EXERCISE DATA:
※ ※ ※

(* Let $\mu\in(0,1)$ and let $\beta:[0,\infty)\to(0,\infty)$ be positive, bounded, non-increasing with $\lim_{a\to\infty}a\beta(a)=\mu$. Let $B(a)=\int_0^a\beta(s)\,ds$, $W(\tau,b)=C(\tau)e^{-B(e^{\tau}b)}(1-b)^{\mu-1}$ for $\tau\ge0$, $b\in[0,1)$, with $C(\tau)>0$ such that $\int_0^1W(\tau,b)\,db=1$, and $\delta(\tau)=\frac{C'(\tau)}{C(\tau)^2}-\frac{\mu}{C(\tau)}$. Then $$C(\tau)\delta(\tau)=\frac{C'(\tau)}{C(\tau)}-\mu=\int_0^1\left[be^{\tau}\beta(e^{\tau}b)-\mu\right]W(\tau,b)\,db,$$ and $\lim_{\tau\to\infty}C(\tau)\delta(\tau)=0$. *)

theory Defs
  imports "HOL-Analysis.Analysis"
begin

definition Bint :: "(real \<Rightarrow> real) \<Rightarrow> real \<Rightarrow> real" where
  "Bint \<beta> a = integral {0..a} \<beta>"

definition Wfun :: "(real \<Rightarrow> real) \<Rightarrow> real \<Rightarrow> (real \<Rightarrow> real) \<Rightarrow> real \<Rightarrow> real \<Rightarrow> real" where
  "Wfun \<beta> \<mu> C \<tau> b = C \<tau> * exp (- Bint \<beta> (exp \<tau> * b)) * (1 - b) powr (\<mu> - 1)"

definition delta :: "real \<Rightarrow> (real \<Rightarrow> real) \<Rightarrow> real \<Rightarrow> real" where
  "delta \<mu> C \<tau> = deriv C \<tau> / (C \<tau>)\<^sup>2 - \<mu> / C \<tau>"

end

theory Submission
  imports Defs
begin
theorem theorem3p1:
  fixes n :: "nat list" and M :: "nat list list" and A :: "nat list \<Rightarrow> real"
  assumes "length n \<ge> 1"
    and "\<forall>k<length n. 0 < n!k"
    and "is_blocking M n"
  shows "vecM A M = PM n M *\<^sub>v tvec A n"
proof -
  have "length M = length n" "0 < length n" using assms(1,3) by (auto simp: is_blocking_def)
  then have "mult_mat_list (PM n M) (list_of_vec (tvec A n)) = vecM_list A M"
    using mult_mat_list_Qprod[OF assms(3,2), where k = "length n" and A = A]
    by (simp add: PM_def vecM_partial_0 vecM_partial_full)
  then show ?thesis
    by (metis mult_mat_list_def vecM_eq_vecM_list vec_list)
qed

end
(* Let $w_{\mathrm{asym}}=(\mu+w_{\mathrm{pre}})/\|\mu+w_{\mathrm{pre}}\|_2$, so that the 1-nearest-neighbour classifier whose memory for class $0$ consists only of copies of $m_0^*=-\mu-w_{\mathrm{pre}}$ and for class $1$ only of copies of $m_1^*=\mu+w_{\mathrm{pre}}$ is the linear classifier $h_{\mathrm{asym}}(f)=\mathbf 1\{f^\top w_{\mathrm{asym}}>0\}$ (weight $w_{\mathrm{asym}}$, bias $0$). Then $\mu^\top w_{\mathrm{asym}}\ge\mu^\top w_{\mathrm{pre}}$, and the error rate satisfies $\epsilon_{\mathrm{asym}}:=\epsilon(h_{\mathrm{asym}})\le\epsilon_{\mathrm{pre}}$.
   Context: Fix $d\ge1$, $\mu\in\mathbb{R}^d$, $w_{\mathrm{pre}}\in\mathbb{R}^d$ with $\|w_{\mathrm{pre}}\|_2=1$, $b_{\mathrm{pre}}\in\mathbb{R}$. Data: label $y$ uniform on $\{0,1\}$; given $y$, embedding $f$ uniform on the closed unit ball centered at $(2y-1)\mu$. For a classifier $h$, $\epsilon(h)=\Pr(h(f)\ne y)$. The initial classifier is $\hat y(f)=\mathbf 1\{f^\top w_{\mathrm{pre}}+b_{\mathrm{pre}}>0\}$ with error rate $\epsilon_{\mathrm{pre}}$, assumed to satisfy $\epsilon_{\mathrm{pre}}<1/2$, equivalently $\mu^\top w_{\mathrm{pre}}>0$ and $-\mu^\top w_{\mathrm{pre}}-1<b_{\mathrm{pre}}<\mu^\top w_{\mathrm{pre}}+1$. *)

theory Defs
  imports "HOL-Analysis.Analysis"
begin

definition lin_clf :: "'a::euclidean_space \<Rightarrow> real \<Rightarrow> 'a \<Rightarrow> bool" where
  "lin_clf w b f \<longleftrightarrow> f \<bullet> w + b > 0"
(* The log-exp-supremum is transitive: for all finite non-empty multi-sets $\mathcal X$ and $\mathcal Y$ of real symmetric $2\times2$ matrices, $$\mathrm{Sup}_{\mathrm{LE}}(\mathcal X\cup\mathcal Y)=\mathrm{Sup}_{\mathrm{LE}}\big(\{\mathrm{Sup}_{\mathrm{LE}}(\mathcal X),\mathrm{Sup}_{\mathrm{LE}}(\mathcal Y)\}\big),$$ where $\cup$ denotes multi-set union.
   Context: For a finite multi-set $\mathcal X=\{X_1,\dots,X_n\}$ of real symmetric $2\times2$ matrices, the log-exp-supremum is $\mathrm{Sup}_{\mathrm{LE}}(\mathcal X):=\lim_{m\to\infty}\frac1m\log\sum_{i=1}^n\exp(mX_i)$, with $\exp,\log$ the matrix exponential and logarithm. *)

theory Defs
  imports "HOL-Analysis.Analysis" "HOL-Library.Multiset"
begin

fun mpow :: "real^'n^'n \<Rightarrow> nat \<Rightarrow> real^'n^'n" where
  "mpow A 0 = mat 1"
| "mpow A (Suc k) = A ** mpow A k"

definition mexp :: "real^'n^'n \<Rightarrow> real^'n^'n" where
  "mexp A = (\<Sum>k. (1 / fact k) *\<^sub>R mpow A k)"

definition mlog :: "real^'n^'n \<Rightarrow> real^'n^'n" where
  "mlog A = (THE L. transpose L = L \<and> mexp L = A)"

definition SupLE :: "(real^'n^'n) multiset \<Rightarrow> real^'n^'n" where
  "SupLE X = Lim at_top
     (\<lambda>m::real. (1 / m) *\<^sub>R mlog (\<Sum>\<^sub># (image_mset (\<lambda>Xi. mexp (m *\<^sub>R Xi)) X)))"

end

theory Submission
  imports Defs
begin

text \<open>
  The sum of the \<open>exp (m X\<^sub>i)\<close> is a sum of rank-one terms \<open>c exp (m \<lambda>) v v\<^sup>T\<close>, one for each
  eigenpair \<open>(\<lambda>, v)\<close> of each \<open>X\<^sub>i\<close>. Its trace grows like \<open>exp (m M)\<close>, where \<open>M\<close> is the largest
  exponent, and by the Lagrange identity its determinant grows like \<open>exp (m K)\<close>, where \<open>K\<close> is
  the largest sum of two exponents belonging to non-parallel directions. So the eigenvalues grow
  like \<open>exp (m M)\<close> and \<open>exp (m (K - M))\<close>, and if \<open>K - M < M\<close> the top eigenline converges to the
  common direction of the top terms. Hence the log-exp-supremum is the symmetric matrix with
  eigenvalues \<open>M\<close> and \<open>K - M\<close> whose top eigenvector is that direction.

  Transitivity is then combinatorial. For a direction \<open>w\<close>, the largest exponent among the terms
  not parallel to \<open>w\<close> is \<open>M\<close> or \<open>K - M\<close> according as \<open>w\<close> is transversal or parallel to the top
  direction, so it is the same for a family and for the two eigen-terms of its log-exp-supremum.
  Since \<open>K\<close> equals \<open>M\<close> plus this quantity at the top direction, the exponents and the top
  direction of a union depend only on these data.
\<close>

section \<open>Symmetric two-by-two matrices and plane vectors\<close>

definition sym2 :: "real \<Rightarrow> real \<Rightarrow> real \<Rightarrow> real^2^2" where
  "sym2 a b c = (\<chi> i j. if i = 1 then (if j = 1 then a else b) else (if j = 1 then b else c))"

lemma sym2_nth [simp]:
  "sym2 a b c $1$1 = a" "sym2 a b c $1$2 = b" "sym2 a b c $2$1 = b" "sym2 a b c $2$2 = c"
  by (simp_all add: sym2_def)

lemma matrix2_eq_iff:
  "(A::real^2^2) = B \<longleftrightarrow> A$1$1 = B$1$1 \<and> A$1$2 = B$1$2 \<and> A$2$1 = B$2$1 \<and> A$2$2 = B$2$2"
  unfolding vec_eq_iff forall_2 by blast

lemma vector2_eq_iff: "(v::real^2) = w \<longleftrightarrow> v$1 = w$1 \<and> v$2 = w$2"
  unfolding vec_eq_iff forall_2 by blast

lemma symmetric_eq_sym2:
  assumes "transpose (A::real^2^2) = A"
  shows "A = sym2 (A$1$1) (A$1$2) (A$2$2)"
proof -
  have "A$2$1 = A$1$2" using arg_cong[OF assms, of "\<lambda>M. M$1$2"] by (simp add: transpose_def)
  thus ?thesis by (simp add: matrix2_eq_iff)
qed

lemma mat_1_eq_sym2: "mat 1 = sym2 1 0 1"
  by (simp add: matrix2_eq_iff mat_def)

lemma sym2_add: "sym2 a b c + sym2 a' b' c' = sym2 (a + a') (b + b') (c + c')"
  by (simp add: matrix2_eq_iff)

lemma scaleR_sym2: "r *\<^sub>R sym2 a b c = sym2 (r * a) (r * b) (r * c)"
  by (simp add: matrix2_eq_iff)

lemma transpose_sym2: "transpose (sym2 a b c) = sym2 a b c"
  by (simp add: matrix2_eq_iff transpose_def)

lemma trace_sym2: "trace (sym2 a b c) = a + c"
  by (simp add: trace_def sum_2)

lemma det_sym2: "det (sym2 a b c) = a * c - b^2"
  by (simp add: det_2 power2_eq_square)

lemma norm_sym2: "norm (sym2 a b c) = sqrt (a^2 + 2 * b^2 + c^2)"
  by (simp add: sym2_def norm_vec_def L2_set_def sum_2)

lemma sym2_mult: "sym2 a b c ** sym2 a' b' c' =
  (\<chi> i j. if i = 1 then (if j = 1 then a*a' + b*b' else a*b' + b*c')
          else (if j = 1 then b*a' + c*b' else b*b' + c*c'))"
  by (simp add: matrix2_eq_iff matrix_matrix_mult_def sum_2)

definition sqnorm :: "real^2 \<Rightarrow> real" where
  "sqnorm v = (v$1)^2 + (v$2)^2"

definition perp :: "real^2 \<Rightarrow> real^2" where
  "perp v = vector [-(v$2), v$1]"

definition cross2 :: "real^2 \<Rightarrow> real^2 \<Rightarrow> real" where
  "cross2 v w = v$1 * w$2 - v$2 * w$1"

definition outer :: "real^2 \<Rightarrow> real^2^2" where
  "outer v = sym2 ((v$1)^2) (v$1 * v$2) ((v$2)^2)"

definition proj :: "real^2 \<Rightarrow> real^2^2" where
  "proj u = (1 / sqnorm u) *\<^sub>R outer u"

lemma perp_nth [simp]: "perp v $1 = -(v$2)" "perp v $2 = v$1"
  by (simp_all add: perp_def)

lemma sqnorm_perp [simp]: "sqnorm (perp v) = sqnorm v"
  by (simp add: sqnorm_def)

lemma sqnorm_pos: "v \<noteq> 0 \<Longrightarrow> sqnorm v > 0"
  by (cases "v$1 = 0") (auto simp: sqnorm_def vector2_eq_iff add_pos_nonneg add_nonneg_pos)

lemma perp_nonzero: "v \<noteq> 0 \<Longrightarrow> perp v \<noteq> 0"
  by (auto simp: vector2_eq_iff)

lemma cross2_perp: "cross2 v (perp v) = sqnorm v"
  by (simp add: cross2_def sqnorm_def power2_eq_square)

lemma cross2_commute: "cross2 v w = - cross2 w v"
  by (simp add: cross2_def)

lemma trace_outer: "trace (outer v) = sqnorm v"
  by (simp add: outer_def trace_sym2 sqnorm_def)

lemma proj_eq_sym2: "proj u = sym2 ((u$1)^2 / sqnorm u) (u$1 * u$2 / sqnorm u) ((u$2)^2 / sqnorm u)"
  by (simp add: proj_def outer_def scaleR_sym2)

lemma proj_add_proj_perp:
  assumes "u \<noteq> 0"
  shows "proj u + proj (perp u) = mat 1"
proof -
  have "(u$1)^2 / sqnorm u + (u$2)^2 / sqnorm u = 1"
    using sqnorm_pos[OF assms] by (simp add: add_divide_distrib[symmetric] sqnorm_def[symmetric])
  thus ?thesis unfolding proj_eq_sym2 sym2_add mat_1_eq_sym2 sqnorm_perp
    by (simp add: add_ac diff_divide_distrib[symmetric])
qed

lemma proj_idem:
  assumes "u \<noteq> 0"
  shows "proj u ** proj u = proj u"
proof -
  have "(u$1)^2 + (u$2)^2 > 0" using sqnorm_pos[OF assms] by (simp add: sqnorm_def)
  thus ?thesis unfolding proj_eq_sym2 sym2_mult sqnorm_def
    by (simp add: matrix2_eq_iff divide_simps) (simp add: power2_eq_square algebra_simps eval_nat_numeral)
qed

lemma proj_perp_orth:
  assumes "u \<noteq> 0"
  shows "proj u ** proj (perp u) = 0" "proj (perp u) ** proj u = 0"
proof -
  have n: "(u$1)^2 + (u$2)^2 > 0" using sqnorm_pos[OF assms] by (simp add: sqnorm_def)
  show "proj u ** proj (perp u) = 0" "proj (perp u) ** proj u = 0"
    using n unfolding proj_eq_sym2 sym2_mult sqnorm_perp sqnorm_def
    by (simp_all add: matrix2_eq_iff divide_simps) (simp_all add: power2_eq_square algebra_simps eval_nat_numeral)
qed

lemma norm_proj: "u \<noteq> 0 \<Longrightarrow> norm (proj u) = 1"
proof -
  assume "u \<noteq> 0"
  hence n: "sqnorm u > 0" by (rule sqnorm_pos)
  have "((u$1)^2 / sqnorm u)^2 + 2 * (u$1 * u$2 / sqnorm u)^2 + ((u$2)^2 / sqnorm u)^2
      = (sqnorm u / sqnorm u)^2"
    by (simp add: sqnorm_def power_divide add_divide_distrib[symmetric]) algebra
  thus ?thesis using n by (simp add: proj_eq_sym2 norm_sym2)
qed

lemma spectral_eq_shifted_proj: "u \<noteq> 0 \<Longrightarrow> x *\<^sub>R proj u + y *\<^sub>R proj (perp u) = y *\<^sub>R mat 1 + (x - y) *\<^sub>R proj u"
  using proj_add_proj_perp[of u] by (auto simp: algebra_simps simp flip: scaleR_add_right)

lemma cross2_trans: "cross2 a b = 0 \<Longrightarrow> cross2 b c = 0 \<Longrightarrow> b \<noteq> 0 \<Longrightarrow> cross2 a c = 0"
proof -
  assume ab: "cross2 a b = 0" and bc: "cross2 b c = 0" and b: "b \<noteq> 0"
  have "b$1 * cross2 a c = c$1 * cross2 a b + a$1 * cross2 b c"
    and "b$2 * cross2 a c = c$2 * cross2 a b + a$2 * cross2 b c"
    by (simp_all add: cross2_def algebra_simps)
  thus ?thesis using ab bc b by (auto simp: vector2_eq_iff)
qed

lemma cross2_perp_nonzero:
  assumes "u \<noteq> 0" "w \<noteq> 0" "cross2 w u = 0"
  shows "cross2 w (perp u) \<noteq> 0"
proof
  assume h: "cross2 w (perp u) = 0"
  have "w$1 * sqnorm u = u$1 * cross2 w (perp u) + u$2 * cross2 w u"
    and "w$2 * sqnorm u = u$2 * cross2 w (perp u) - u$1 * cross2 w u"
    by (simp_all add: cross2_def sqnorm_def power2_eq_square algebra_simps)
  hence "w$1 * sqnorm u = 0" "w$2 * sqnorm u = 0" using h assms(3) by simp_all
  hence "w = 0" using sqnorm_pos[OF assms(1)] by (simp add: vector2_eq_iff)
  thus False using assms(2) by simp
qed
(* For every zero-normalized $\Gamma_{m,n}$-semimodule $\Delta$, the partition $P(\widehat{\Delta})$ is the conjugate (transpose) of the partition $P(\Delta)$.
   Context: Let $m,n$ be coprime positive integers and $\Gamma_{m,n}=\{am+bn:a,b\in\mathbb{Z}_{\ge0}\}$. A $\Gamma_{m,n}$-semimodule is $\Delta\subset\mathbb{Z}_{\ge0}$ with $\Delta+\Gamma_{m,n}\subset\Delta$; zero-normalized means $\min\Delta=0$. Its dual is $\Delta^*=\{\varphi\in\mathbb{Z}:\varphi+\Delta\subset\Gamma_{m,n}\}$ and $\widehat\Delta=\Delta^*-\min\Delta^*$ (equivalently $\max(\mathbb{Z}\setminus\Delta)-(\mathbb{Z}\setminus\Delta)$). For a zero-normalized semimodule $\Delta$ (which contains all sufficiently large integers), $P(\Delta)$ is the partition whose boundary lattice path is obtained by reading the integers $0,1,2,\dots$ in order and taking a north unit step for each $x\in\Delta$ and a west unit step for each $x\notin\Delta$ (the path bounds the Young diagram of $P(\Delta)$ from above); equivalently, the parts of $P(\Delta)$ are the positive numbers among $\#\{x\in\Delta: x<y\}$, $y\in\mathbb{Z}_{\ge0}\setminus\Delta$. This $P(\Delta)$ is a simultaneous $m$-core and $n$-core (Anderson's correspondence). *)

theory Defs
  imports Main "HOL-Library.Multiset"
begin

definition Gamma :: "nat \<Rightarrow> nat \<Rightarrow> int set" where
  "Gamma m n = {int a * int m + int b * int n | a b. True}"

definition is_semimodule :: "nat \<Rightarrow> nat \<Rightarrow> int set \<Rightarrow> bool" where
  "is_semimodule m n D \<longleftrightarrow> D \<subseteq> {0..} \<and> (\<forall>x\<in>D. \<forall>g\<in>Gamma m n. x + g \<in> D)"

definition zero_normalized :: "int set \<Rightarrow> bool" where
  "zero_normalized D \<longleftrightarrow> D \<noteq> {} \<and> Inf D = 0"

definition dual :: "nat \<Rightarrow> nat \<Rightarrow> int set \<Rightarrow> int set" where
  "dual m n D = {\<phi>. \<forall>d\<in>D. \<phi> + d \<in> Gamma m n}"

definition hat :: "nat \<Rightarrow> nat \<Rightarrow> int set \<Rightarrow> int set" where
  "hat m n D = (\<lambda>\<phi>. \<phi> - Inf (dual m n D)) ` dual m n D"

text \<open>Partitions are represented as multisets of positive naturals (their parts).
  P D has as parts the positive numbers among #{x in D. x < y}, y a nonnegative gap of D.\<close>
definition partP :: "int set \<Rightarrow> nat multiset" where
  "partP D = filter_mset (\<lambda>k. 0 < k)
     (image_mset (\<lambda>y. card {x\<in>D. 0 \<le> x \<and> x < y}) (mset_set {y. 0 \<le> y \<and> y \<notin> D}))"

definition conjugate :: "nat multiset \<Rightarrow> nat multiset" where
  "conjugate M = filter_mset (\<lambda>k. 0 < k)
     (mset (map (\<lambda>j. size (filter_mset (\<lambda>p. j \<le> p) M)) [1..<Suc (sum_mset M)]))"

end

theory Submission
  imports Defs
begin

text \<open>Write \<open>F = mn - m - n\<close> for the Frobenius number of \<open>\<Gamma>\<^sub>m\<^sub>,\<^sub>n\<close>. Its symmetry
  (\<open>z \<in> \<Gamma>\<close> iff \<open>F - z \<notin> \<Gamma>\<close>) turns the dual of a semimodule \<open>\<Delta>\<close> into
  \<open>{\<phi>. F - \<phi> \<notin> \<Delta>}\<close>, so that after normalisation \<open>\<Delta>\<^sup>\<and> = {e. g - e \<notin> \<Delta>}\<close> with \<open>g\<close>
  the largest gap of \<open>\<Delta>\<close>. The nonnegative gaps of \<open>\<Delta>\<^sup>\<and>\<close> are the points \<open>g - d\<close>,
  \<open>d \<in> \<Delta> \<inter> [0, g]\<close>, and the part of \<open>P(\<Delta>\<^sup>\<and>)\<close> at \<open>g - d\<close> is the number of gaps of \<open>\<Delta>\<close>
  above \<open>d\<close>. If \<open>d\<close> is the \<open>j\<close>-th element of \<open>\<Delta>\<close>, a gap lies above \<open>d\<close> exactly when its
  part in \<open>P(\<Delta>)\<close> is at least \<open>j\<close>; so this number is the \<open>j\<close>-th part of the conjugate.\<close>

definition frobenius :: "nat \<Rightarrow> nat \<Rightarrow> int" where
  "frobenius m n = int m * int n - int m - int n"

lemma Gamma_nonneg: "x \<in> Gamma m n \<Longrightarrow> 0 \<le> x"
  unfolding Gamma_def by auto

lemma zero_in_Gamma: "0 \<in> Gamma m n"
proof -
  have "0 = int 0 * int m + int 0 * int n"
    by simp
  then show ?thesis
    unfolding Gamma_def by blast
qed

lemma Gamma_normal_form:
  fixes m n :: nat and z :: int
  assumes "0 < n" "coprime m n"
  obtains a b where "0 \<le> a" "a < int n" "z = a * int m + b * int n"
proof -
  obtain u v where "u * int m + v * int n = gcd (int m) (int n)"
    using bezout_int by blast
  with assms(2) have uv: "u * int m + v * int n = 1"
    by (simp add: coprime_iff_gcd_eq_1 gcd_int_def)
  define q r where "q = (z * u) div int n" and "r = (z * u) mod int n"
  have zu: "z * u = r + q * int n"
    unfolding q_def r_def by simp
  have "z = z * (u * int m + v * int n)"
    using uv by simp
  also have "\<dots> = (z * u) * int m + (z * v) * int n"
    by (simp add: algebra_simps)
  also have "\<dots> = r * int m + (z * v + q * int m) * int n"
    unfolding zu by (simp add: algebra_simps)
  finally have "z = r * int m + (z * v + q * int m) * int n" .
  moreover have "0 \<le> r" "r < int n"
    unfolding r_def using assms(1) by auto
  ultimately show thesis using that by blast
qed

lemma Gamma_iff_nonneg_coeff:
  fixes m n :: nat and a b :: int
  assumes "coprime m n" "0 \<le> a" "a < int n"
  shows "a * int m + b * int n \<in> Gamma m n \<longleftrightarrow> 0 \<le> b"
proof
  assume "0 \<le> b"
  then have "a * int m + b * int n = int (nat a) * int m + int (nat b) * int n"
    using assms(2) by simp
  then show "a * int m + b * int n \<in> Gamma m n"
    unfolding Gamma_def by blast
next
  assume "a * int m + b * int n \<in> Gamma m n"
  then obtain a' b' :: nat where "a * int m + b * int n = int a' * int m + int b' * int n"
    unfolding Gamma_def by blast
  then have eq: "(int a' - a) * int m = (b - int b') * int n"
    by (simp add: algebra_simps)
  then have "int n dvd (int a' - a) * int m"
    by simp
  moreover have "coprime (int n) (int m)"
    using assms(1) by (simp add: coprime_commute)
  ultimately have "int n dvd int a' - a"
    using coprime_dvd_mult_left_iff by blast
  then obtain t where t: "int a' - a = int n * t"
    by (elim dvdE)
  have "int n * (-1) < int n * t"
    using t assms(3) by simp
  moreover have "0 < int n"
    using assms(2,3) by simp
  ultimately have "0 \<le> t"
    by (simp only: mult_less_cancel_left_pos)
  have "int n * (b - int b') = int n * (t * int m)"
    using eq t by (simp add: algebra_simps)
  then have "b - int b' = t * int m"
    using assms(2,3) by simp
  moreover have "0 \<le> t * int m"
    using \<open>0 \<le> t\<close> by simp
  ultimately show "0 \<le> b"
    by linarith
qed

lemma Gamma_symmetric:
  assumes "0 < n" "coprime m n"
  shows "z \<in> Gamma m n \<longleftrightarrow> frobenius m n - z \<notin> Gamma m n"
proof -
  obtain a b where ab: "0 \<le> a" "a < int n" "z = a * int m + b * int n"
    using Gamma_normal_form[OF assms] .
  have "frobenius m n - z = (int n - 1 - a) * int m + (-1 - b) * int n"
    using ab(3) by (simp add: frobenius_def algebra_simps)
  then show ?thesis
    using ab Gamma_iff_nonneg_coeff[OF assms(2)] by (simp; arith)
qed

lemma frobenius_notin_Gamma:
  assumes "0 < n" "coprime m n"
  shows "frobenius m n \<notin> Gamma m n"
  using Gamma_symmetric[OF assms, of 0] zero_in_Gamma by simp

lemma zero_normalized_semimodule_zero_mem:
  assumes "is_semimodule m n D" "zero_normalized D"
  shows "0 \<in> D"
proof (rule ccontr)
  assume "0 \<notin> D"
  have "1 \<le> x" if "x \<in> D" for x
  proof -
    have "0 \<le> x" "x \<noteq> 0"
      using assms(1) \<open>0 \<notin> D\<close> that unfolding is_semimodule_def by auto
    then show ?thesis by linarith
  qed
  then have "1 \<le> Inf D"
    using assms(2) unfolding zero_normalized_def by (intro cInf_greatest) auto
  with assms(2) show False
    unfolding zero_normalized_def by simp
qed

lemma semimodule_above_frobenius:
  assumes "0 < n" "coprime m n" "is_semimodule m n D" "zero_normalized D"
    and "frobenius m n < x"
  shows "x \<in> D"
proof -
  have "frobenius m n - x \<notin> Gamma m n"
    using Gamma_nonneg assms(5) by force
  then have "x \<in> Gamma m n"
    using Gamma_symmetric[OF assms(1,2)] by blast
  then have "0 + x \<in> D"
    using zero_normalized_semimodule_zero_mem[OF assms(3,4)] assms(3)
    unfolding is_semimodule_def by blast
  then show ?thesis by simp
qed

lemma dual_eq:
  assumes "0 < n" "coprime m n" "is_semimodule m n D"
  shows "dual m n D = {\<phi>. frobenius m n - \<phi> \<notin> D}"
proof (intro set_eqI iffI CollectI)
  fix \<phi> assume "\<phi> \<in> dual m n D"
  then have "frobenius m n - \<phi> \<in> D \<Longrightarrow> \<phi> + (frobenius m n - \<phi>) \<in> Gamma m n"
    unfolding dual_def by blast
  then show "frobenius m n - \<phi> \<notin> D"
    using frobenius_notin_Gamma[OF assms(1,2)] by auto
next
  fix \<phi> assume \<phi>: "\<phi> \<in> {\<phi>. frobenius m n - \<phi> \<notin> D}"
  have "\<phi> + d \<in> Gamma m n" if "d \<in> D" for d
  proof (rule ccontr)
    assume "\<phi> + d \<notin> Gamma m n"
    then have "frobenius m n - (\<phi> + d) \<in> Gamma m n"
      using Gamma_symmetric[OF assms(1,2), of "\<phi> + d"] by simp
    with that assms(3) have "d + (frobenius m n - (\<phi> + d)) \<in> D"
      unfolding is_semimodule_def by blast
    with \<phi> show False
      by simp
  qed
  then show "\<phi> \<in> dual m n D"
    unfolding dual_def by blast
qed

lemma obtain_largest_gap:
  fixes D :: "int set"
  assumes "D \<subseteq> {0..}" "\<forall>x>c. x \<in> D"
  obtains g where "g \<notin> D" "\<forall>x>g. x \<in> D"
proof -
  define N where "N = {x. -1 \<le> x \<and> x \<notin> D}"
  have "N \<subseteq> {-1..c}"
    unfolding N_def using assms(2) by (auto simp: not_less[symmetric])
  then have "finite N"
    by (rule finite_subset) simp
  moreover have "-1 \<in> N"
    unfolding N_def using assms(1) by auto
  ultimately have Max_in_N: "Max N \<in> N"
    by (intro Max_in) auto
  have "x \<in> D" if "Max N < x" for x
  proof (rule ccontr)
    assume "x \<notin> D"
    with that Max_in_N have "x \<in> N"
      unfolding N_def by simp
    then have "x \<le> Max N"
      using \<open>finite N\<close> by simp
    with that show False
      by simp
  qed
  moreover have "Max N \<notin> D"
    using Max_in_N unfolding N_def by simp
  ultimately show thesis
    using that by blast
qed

※ ※ ※

WORK TO BE COMPLETED:
Scan the lines above, and whenever one holds the string "only", copy it.

COMPLETED TASK:
(* Let $w_{\mathrm{asym}}=(\mu+w_{\mathrm{pre}})/\|\mu+w_{\mathrm{pre}}\|_2$, so that the 1-nearest-neighbour classifier whose memory for class $0$ consists only of copies of $m_0^*=-\mu-w_{\mathrm{pre}}$ and for class $1$ only of copies of $m_1^*=\mu+w_{\mathrm{pre}}$ is the linear classifier $h_{\mathrm{asym}}(f)=\mathbf 1\{f^\top w_{\mathrm{asym}}>0\}$ (weight $w_{\mathrm{asym}}$, bias $0$). Then $\mu^\top w_{\mathrm{asym}}\ge\mu^\top w_{\mathrm{pre}}$, and the error rate satisfies $\epsilon_{\mathrm{asym}}:=\epsilon(h_{\mathrm{asym}})\le\epsilon_{\mathrm{pre}}$.
  direction of a union depend only on these data.
    by (simp only: mult_less_cancel_left_pos)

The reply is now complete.